[Directions for this task] Please restate the data word for word.

::: Dataset entries :::

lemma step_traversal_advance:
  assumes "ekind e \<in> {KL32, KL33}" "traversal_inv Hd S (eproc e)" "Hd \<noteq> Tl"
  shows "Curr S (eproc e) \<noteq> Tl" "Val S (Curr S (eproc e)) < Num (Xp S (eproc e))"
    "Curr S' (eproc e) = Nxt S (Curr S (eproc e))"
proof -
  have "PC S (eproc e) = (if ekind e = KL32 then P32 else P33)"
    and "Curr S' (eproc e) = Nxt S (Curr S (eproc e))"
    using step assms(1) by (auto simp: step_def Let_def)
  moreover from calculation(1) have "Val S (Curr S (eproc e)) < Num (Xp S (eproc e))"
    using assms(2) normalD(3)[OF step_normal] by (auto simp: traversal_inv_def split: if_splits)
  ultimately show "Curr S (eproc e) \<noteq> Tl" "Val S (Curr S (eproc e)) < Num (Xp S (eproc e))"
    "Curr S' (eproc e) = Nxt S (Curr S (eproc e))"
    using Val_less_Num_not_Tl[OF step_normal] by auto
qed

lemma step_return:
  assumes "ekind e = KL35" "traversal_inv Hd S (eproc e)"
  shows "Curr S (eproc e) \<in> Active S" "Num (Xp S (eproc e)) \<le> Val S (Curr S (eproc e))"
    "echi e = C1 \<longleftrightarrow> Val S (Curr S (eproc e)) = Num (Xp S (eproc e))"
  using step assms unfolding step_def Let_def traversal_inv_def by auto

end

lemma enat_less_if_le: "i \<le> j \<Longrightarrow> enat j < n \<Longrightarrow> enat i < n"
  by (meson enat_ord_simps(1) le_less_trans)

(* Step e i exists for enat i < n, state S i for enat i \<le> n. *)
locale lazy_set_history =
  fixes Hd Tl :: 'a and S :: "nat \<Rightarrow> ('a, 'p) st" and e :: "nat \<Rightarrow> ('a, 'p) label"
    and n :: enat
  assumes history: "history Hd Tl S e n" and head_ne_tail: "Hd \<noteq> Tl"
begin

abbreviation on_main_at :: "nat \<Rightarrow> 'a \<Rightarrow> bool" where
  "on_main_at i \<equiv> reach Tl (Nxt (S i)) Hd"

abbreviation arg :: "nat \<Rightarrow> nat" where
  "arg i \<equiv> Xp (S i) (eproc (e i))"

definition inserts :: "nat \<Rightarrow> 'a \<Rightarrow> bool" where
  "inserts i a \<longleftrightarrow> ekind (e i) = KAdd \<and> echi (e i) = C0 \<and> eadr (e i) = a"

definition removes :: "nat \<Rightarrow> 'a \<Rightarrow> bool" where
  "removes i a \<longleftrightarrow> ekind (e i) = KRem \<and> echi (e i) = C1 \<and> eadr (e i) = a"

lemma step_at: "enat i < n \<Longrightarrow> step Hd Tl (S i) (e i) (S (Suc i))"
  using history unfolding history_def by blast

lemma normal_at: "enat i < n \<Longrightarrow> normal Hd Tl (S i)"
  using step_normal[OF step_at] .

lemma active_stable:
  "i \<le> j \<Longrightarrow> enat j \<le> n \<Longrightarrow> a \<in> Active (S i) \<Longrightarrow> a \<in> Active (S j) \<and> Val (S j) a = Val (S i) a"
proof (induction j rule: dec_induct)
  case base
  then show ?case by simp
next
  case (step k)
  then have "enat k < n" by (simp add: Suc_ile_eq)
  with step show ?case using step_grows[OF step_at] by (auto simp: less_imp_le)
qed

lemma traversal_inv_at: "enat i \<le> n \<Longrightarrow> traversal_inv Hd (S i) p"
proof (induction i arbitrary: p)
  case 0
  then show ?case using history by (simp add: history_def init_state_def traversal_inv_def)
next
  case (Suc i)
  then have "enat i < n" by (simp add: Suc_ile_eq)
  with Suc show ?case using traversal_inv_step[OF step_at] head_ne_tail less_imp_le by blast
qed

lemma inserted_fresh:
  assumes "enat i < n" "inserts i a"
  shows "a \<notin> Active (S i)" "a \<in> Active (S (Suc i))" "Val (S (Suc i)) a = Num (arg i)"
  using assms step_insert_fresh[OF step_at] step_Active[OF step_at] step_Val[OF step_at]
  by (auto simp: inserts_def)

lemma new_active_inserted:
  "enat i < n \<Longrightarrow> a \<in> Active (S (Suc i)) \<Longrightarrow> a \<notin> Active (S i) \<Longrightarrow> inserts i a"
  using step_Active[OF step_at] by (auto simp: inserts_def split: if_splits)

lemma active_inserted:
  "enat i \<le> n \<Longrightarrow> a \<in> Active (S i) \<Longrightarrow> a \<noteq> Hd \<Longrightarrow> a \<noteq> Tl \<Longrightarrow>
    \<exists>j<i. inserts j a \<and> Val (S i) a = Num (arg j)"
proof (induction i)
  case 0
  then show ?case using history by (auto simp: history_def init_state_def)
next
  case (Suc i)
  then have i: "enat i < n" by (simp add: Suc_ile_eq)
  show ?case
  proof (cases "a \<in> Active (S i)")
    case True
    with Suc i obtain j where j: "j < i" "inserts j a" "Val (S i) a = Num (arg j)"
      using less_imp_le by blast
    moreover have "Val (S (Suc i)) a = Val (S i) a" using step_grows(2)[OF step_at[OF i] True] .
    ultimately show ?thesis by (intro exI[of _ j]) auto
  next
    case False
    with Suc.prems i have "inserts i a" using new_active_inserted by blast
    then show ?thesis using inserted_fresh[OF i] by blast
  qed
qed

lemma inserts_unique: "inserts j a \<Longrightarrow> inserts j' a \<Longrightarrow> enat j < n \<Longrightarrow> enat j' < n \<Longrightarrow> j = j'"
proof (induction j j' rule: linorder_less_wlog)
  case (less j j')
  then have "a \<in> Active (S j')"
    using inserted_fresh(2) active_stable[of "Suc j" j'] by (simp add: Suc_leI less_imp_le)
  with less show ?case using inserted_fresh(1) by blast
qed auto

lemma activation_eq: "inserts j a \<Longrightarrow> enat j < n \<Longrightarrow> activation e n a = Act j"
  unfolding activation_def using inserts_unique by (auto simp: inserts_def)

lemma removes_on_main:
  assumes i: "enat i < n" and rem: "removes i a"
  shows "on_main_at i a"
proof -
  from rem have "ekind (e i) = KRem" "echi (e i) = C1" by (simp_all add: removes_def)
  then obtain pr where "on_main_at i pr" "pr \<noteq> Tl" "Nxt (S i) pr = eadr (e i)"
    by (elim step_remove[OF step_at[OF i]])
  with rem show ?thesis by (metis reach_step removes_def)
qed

:::

[Reply]
lemma step_traversal_advance:
  assumes "ekind e \<in> {KL32, KL33}" "traversal_inv Hd S (eproc e)" "Hd \<noteq> Tl"
  shows "Curr S (eproc e) \<noteq> Tl" "Val S (Curr S (eproc e)) < Num (Xp S (eproc e))"
    "Curr S' (eproc e) = Nxt S (Curr S (eproc e))"
proof -
  have "PC S (eproc e) = (if ekind e = KL32 then P32 else P33)"
    and "Curr S' (eproc e) = Nxt S (Curr S (eproc e))"
    using step assms(1) by (auto simp: step_def Let_def)
  moreover from calculation(1) have "Val S (Curr S (eproc e)) < Num (Xp S (eproc e))"
    using assms(2) normalD(3)[OF step_normal] by (auto simp: traversal_inv_def split: if_splits)
  ultimately show "Curr S (eproc e) \<noteq> Tl" "Val S (Curr S (eproc e)) < Num (Xp S (eproc e))"
    "Curr S' (eproc e) = Nxt S (Curr S (eproc e))"
    using Val_less_Num_not_Tl[OF step_normal] by auto
qed

lemma step_return:
  assumes "ekind e = KL35" "traversal_inv Hd S (eproc e)"
  shows "Curr S (eproc e) \<in> Active S" "Num (Xp S (eproc e)) \<le> Val S (Curr S (eproc e))"
    "echi e = C1 \<longleftrightarrow> Val S (Curr S (eproc e)) = Num (Xp S (eproc e))"
  using step assms unfolding step_def Let_def traversal_inv_def by auto

end

lemma enat_less_if_le: "i \<le> j \<Longrightarrow> enat j < n \<Longrightarrow> enat i < n"
  by (meson enat_ord_simps(1) le_less_trans)

(* Step e i exists for enat i < n, state S i for enat i \<le> n. *)
locale lazy_set_history =
  fixes Hd Tl :: 'a and S :: "nat \<Rightarrow> ('a, 'p) st" and e :: "nat \<Rightarrow> ('a, 'p) label"
    and n :: enat
  assumes history: "history Hd Tl S e n" and head_ne_tail: "Hd \<noteq> Tl"
begin

abbreviation on_main_at :: "nat \<Rightarrow> 'a \<Rightarrow> bool" where
  "on_main_at i \<equiv> reach Tl (Nxt (S i)) Hd"

abbreviation arg :: "nat \<Rightarrow> nat" where
  "arg i \<equiv> Xp (S i) (eproc (e i))"

definition inserts :: "nat \<Rightarrow> 'a \<Rightarrow> bool" where
  "inserts i a \<longleftrightarrow> ekind (e i) = KAdd \<and> echi (e i) = C0 \<and> eadr (e i) = a"

definition removes :: "nat \<Rightarrow> 'a \<Rightarrow> bool" where
  "removes i a \<longleftrightarrow> ekind (e i) = KRem \<and> echi (e i) = C1 \<and> eadr (e i) = a"

lemma step_at: "enat i < n \<Longrightarrow> step Hd Tl (S i) (e i) (S (Suc i))"
  using history unfolding history_def by blast

lemma normal_at: "enat i < n \<Longrightarrow> normal Hd Tl (S i)"
  using step_normal[OF step_at] .

lemma active_stable:
  "i \<le> j \<Longrightarrow> enat j \<le> n \<Longrightarrow> a \<in> Active (S i) \<Longrightarrow> a \<in> Active (S j) \<and> Val (S j) a = Val (S i) a"
proof (induction j rule: dec_induct)
  case base
  then show ?case by simp
next
  case (step k)
  then have "enat k < n" by (simp add: Suc_ile_eq)
  with step show ?case using step_grows[OF step_at] by (auto simp: less_imp_le)
qed

lemma traversal_inv_at: "enat i \<le> n \<Longrightarrow> traversal_inv Hd (S i) p"
proof (induction i arbitrary: p)
  case 0
  then show ?case using history by (simp add: history_def init_state_def traversal_inv_def)
next
  case (Suc i)
  then have "enat i < n" by (simp add: Suc_ile_eq)
  with Suc show ?case using traversal_inv_step[OF step_at] head_ne_tail less_imp_le by blast
qed

lemma inserted_fresh:
  assumes "enat i < n" "inserts i a"
  shows "a \<notin> Active (S i)" "a \<in> Active (S (Suc i))" "Val (S (Suc i)) a = Num (arg i)"
  using assms step_insert_fresh[OF step_at] step_Active[OF step_at] step_Val[OF step_at]
  by (auto simp: inserts_def)

lemma new_active_inserted:
  "enat i < n \<Longrightarrow> a \<in> Active (S (Suc i)) \<Longrightarrow> a \<notin> Active (S i) \<Longrightarrow> inserts i a"
  using step_Active[OF step_at] by (auto simp: inserts_def split: if_splits)

lemma active_inserted:
  "enat i \<le> n \<Longrightarrow> a \<in> Active (S i) \<Longrightarrow> a \<noteq> Hd \<Longrightarrow> a \<noteq> Tl \<Longrightarrow>
    \<exists>j<i. inserts j a \<and> Val (S i) a = Num (arg j)"
proof (induction i)
  case 0
  then show ?case using history by (auto simp: history_def init_state_def)
next
  case (Suc i)
  then have i: "enat i < n" by (simp add: Suc_ile_eq)
  show ?case
  proof (cases "a \<in> Active (S i)")
    case True
    with Suc i obtain j where j: "j < i" "inserts j a" "Val (S i) a = Num (arg j)"
      using less_imp_le by blast
    moreover have "Val (S (Suc i)) a = Val (S i) a" using step_grows(2)[OF step_at[OF i] True] .
    ultimately show ?thesis by (intro exI[of _ j]) auto
  next
    case False
    with Suc.prems i have "inserts i a" using new_active_inserted by blast
    then show ?thesis using inserted_fresh[OF i] by blast
  qed
qed

lemma inserts_unique: "inserts j a \<Longrightarrow> inserts j' a \<Longrightarrow> enat j < n \<Longrightarrow> enat j' < n \<Longrightarrow> j = j'"
proof (induction j j' rule: linorder_less_wlog)
  case (less j j')
  then have "a \<in> Active (S j')"
    using inserted_fresh(2) active_stable[of "Suc j" j'] by (simp add: Suc_leI less_imp_le)
  with less show ?case using inserted_fresh(1) by blast
qed auto

lemma activation_eq: "inserts j a \<Longrightarrow> enat j < n \<Longrightarrow> activation e n a = Act j"
  unfolding activation_def using inserts_unique by (auto simp: inserts_def)

lemma removes_on_main:
  assumes i: "enat i < n" and rem: "removes i a"
  shows "on_main_at i a"
proof -
  from rem have "ekind (e i) = KRem" "echi (e i) = C1" by (simp_all add: removes_def)
  then obtain pr where "on_main_at i pr" "pr \<noteq> Tl" "Nxt (S i) pr = eadr (e i)"
    by (elim step_remove[OF step_at[OF i]])
  with rem show ?thesis by (metis reach_step removes_def)
qed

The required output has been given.